#### Data for processing:
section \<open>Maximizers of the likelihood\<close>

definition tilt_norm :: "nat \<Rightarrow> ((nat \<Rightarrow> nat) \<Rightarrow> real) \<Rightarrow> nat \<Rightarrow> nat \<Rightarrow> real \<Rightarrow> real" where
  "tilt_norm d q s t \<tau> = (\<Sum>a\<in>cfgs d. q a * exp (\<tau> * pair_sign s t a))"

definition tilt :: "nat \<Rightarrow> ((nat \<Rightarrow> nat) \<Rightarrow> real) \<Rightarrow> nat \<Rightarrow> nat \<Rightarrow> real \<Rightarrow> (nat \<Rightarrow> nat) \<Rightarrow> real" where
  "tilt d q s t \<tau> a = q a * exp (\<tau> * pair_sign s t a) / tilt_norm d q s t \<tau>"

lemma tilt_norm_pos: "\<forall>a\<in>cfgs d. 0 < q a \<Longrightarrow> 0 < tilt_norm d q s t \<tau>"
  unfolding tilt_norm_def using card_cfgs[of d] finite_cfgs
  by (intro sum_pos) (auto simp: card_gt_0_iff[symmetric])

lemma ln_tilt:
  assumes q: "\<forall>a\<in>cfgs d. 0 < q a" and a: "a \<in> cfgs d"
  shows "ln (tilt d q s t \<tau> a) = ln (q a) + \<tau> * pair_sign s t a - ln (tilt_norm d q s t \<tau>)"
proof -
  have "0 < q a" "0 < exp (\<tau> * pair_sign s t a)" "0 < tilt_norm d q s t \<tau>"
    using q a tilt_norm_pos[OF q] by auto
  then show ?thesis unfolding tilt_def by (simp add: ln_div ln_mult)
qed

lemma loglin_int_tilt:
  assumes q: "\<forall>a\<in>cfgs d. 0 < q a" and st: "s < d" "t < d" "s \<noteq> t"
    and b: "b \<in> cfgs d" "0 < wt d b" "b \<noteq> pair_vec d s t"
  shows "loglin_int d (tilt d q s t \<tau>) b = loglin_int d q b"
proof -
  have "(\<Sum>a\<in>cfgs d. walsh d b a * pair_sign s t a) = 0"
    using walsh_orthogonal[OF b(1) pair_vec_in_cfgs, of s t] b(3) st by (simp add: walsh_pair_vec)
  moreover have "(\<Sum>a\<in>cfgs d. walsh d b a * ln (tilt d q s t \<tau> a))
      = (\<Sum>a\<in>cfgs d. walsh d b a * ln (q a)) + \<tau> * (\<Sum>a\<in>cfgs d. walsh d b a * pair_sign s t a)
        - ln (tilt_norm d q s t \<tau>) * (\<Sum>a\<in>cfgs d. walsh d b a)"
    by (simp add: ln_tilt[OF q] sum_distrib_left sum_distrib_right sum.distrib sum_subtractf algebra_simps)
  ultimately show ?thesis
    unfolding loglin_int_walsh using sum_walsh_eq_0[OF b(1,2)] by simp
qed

#### Instructions for the task:
With the first line of the records as the start and the line holding "a) / tilt_norm" as the end, please copy exactly those lines and no others.

#### Task solution:
section \<open>Maximizers of the likelihood\<close>

definition tilt_norm :: "nat \<Rightarrow> ((nat \<Rightarrow> nat) \<Rightarrow> real) \<Rightarrow> nat \<Rightarrow> nat \<Rightarrow> real \<Rightarrow> real" where
  "tilt_norm d q s t \<tau> = (\<Sum>a\<in>cfgs d. q a * exp (\<tau> * pair_sign s t a))"

definition tilt :: "nat \<Rightarrow> ((nat \<Rightarrow> nat) \<Rightarrow> real) \<Rightarrow> nat \<Rightarrow> nat \<Rightarrow> real \<Rightarrow> (nat \<Rightarrow> nat) \<Rightarrow> real" where
  "tilt d q s t \<tau> a = q a * exp (\<tau> * pair_sign s t a) / tilt_norm d q s t \<tau>"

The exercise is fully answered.